**Work task**
Print the first line of the records below and every line after it, up to and including the line with "by (simp add: ANA_nbhd_subgroups_def)". Print nothing else.

**Data for review**
lemma ANA_cauchy_partial_sums:
  assumes "\<And>H. H \<in> ANA_nbhd_subgroups U \<Longrightarrow> eventually (\<lambda>k. t k \<in> H) sequentially"
  shows "ANA_cauchy U (filtermap (\<lambda>n. \<Sum>k<n. t k) sequentially)"
  unfolding ANA_cauchy_def
proof (intro conjI ballI)
  show "filtermap (\<lambda>n. \<Sum>k<n. t k) sequentially \<noteq> bot"
    by (simp add: filtermap_bot_iff)
next
  fix H assume "H \<in> ANA_nbhd_subgroups U"
  then have H: "is_subgroup H"
    by (simp add: ANA_nbhd_subgroups_def)
  obtain N where N: "\<And>k. N \<le> k \<Longrightarrow> t k \<in> H"
    using assms[OF \<open>H \<in> ANA_nbhd_subgroups U\<close>] by (auto simp: eventually_sequentially)
  have tail: "(\<Sum>k<n. t k) - (\<Sum>k<N. t k) \<in> H" if "N \<le> n" for n
  proof -
    have "(\<Sum>k<n. t k) - (\<Sum>k<N. t k) = sum t {N..<n}"
      using that by (simp add: atLeast0LessThan[symmetric] sum_diff_nat_ivl)
    then show ?thesis
      using is_subgroup_sum[OF H, of "{N..<n}" t] N by simp
  qed
  have "(\<Sum>k<n. t k) - (\<Sum>k<m. t k) \<in> H" if "N \<le> m" "N \<le> n" for m n
  proof -
    have "((\<Sum>k<n. t k) - (\<Sum>k<N. t k)) - ((\<Sum>k<m. t k) - (\<Sum>k<N. t k)) \<in> H"
      using H tail[OF that(1)] tail[OF that(2)] unfolding is_subgroup_def by blast
    then show ?thesis
      by simp
  qed
  then have "eventually (\<lambda>(m, n). (\<Sum>k<n. t k) - (\<Sum>k<m. t k) \<in> H) (sequentially \<times>\<^sub>F sequentially)"
    unfolding eventually_prod_sequentially by blast
  then show "eventually (\<lambda>(x, y). y - x \<in> H)
      (filtermap (\<lambda>n. \<Sum>k<n. t k) sequentially \<times>\<^sub>F filtermap (\<lambda>n. \<Sum>k<n. t k) sequentially)"
    unfolding filtermap_prod_filter[symmetric] eventually_filtermap
    by (simp add: map_prod_def case_prod_unfold)
qed

lemma coeff_sum_class_partial_sum:
  fixes a b :: "nat \<Rightarrow> 'a"
  assumes R: "equiv UNIV R" and "j \<le> M" "M < n"
    and sep_a: "\<And>i k. i \<le> M \<Longrightarrow> k \<le> M \<Longrightarrow> (a i, a k) \<in> R \<longleftrightarrow> i = k"
    and sep_b: "\<And>i k. i \<le> M \<Longrightarrow> k \<le> M \<Longrightarrow> (a i, b k) \<notin> R"
    and tail: "\<And>k. M < k \<Longrightarrow> (a k, b k) \<in> R"
  shows "coeff_sum (R``{a j}) (\<Sum>k<n. free_gen (a k) - free_gen (b k)) = 1"
proof -
  have "coeff_sum (R``{a j}) (free_gen (a k) - free_gen (b k)) = (if k = j then 1 else 0)" for k
  proof (cases "k \<le> M")
    case True
    then show ?thesis
      using sep_a[OF \<open>j \<le> M\<close> True] sep_b[OF \<open>j \<le> M\<close> True]
      by (auto simp: coeff_sum_diff coeff_sum_free_gen)
  next
    case False
    then have "M < k"
      by simp
    then have "a k \<in> R``{a j} \<longleftrightarrow> b k \<in> R``{a j}"
      by (rule equiv_class_mem_cong[OF R tail])
    then show ?thesis
      using False \<open>j \<le> M\<close> by (simp add: coeff_sum_diff coeff_sum_free_gen)
  qed
  then show ?thesis
    using \<open>j \<le> M\<close> \<open>M < n\<close> by (simp add: coeff_sum_sum)
qed

lemma coeff_sum_class_of_limit:
  fixes a b :: "nat \<Rightarrow> 'a"
  assumes lim: "ANA_converges_to U (filtermap (\<lambda>n. \<Sum>k<n. free_gen (a k) - free_gen (b k)) sequentially) c"
    and R: "equiv UNIV R" "entourage U R" and "j \<le> M"
    and sep_a: "\<And>i k. i \<le> M \<Longrightarrow> k \<le> M \<Longrightarrow> (a i, a k) \<in> R \<longleftrightarrow> i = k"
    and sep_b: "\<And>i k. i \<le> M \<Longrightarrow> k \<le> M \<Longrightarrow> (a i, b k) \<notin> R"
    and tail: "\<And>k. M < k \<Longrightarrow> (a k, b k) \<in> R"
  shows "coeff_sum (R``{a j}) c = 1"
proof -
  let ?s = "\<lambda>n. \<Sum>k<n. free_gen (a k) - free_gen (b k)"
  have "eventually (\<lambda>n. coeff_sum (R``{a j}) (?s n) = coeff_sum (R``{a j}) c) sequentially"
    using ANA_converges_coeff_sum[OF lim R(2) equiv_class_mem_cong[OF R(1)]]
    by (simp add: eventually_filtermap)
  moreover have "eventually (\<lambda>n. coeff_sum (R``{a j}) (?s n) = 1) sequentially"
    using coeff_sum_class_partial_sum[OF R(1) \<open>j \<le> M\<close> _ sep_a sep_b tail]
    by (auto simp: eventually_sequentially Suc_le_eq intro: exI[of _ "Suc M"])
  ultimately have "eventually (\<lambda>n. coeff_sum (R``{a j}) c = 1) sequentially"
    by eventually_elim simp
  then show ?thesis
    by simp
qed

lemma card_keys_gt_of_coeff_sum_classes:
  fixes a :: "nat \<Rightarrow> 'a"
  assumes R: "equiv UNIV R"
    and nonzero: "\<And>j. j \<le> M \<Longrightarrow> coeff_sum (R``{a j}) c \<noteq> 0"
    and sep: "\<And>i j. i \<le> M \<Longrightarrow> j \<le> M \<Longrightarrow> (a i, a j) \<in> R \<Longrightarrow> i = j"
  shows "M < card (Poly_Mapping.keys c)"
proof -
  have "inj_on (\<lambda>j. R``{a j}) {..M}"
    using sep eq_equiv_class_iff[OF R] by (auto intro: inj_onI)
  then have "Suc M = card ((\<lambda>j. R``{a j}) ` {..M})"
    by (simp add: card_image)
  also have "\<dots> \<le> card ((\<lambda>x. R``{x}) ` Poly_Mapping.keys c)"
  proof (intro card_mono finite_imageI finite_keys subsetI)
    fix C assume "C \<in> (\<lambda>j. R``{a j}) ` {..M}"
    then obtain j where "j \<le> M" "C = R``{a j}"
      by auto
    moreover have "C \<inter> Poly_Mapping.keys c \<noteq> {}"
      using nonzero[OF \<open>j \<le> M\<close>] \<open>C = R``{a j}\<close> by (metis coeff_sum_def sum.empty)
    ultimately obtain x where "x \<in> C" "x \<in> Poly_Mapping.keys c"
      by blast
    then show "C \<in> (\<lambda>x. R``{x}) ` Poly_Mapping.keys c"
      using \<open>C = R``{a j}\<close> equiv_class_eq_iff[OF R] by blast
  qed
  also have "\<dots> \<le> card (Poly_Mapping.keys c)"
    by (rule card_image_le) simp
  finally show ?thesis
    by simp
qed

locale na_metric_uniformity = Metric_space "UNIV :: 'a set" d
  for U :: "('a \<times> 'a) filter" and d +
  assumes uniformity_eq: "U = (INF e\<in>{0<..}. principal {(x, y). d x y < e})"
    and non_archimedean: "non_archimedean U"
    and non_discrete: "\<not> discrete_uniformity U"
begin

lemma entourage_iff_ball: "entourage U E \<longleftrightarrow> (\<exists>e>0. {(x, y). d x y < e} \<subseteq> E)"
proof -
  have "entourage U E \<longleftrightarrow> (\<exists>e\<in>{0<..}. eventually (\<lambda>p. p \<in> E) (principal {(x, y). d x y < e}))"
    unfolding entourage_def uniformity_eq
  proof (rule eventually_INF_base)
    fix a b :: real assume "a \<in> {0<..}" "b \<in> {0<..}"
    then show "\<exists>c\<in>{0<..}. principal {(x, y). d x y < c}
        \<le> inf (principal {(x, y). d x y < a}) (principal {(x, y). d x y < b})"
      by (intro bexI[of _ "min a b"]) auto
  qed simp
  then show ?thesis
    by (auto simp: eventually_principal)
qed

lemma entourage_ball: "e > 0 \<Longrightarrow> entourage U {(x, y). d x y < e}"
  by (auto simp: entourage_iff_ball)

lemma finite_separated:
  assumes "finite P"
  obtains \<delta> where "\<delta> > 0" "\<And>p q. p \<in> P \<Longrightarrow> q \<in> P \<Longrightarrow> d p q < \<delta> \<Longrightarrow> p = q"
proof
  define D where "D = insert 1 {d p q |p q. p \<in> P \<and> q \<in> P \<and> p \<noteq> q}"
  have "finite D"
  proof -
    have "D \<subseteq> insert 1 ((\<lambda>(p, q). d p q) ` (P \<times> P))"
      by (auto simp: D_def)
    then show ?thesis
      using assms finite_subset by blast
  qed
  show "Min D > 0"
    using \<open>finite D\<close> by (auto simp: D_def order_le_less)
  show "p = q" if "p \<in> P" "q \<in> P" "d p q < Min D" for p q
    using that \<open>finite D\<close> Min_le[of D "d p q"] by (force simp: D_def)
qed

definition close_pairs_outside :: "'a set \<Rightarrow> bool" where
  "close_pairs_outside F \<longleftrightarrow> (\<forall>e>0. \<exists>x y. x \<noteq> y \<and> x \<notin> F \<and> y \<notin> F \<and> d x y < e)"

lemma close_pairs_outside_empty: "close_pairs_outside {}"
  using non_discrete
  by (force simp: close_pairs_outside_def discrete_uniformity_def entourage_iff_ball)

lemma close_pairs_outside_insert:
  assumes "close_pairs_outside F"
  shows "close_pairs_outside (insert f F)"
proof -
  let ?pair = "\<lambda>r. \<exists>x y. x \<noteq> y \<and> x \<notin> insert f F \<and> y \<notin> insert f F \<and> d x y < r"
  have pair_or_near_f: "?pair r \<or> (\<exists>z. z \<notin> insert f F \<and> d f z < r)" if "r > 0" for r
  proof -
    obtain x y where "x \<noteq> y" "x \<notin> F" "y \<notin> F" "d x y < r"
      using assms \<open>r > 0\<close> by (auto simp: close_pairs_outside_def)
    then show ?thesis
      by (metis commute insertE)
  qed
  show ?thesis
    unfolding close_pairs_outside_def
  proof (intro allI impI)
    fix e :: real assume "e > 0"
    show "?pair e"
    proof (cases "?pair (e/2)")
      case False
      with pair_or_near_f obtain z where z: "z \<notin> insert f F" "d f z < e/2"
        using \<open>e > 0\<close> by (meson half_gt_zero)
      then have "d f z > 0"
        by (metis insertI1 nonneg order_le_less zero UNIV_I)
      show ?thesis
      proof (cases "?pair (d f z)")
        case False
        with pair_or_near_f obtain w where w: "w \<notin> insert f F" "d f w < d f z"
          using \<open>d f z > 0\<close> by blast
        \<comment> \<open>\<open>w\<close> and \<open>z\<close> both lie within \<open>e/2\<close> of \<open>f\<close>, and \<open>w \<noteq> z\<close> since \<open>w\<close> is closer.\<close>
        have "d z w \<le> d z f + d f w"
          by (rule triangle) auto
        then have "d z w < e"
          using z w commute[of z f] by linarith
        then show ?thesis
          using z w by (intro exI[of _ z] exI[of _ w]) auto
      next
        case True
        then obtain x y where xy: "x \<noteq> y" "x \<notin> insert f F" "y \<notin> insert f F" "d x y < d f z"
          by blast
        have "d x y < e"
          using xy(4) z(2) \<open>d f z > 0\<close> by linarith
        with xy show ?thesis
          by blast
      qed
    next
      case True
      then obtain x y where xy: "x \<noteq> y" "x \<notin> insert f F" "y \<notin> insert f F" "d x y < e/2"
        by blast
      have "d x y < e"
        using xy(4) nonneg[of x y] by linarith
      with xy show ?thesis
        by blast
    qed
  qed
qed

lemma close_pairs_outside_finite: "finite F \<Longrightarrow> close_pairs_outside F"
  by (induction F rule: finite_induct) (auto intro: close_pairs_outside_empty close_pairs_outside_insert)

lemma fresh_pair_finer_relation:
  assumes "finite P" "entourage U R" "e > 0"
  obtains a b R' where "a \<noteq> b" "a \<notin> P" "b \<notin> P" "(a, b) \<in> R"
    "equiv UNIV R'" "entourage U R'" "R' \<subseteq> R" "R' \<subseteq> {(x, y). d x y < e}"
    "R' \<inter> (insert a (insert b P) \<times> insert a (insert b P)) \<subseteq> Id"
proof -
  obtain \<epsilon> where "\<epsilon> > 0" and ball_R: "{(x, y). d x y < \<epsilon>} \<subseteq> R"
    using assms(2) entourage_iff_ball by blast
  obtain a b where ab: "a \<noteq> b" "a \<notin> P" "b \<notin> P" "d a b < \<epsilon>"
    using close_pairs_outside_finite[OF assms(1)] \<open>\<epsilon> > 0\<close> unfolding close_pairs_outside_def by blast
  let ?P' = "insert a (insert b P)"
  have "finite ?P'"
    using assms(1) by simp
  then obtain \<delta> where "\<delta> > 0" and sep: "\<And>p q. p \<in> ?P' \<Longrightarrow> q \<in> ?P' \<Longrightarrow> d p q < \<delta> \<Longrightarrow> p = q"
    using finite_separated by blast
  have "entourage U (R \<inter> {(x, y). d x y < min \<delta> e})"
    using assms(2) entourage_ball[of "min \<delta> e"] \<open>\<delta> > 0\<close> \<open>e > 0\<close> by (intro entourage_Int) auto
  then obtain R' where R': "equiv UNIV R'" "entourage U R'" "R' \<subseteq> R \<inter> {(x, y). d x y < min \<delta> e}"
    using non_archimedean unfolding non_archimedean_def by blast
  show ?thesis
  proof (rule that[of a b R'])
    show "(a, b) \<in> R"
      using ab(4) ball_R by blast
    show "R' \<inter> (?P' \<times> ?P') \<subseteq> Id"
      using R'(3) sep by auto
  qed (use ab R' in auto)
qed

**Exercise output**
lemma ANA_cauchy_partial_sums:
  assumes "\<And>H. H \<in> ANA_nbhd_subgroups U \<Longrightarrow> eventually (\<lambda>k. t k \<in> H) sequentially"
  shows "ANA_cauchy U (filtermap (\<lambda>n. \<Sum>k<n. t k) sequentially)"
  unfolding ANA_cauchy_def
proof (intro conjI ballI)
  show "filtermap (\<lambda>n. \<Sum>k<n. t k) sequentially \<noteq> bot"
    by (simp add: filtermap_bot_iff)
next
  fix H assume "H \<in> ANA_nbhd_subgroups U"
  then have H: "is_subgroup H"
    by (simp add: ANA_nbhd_subgroups_def)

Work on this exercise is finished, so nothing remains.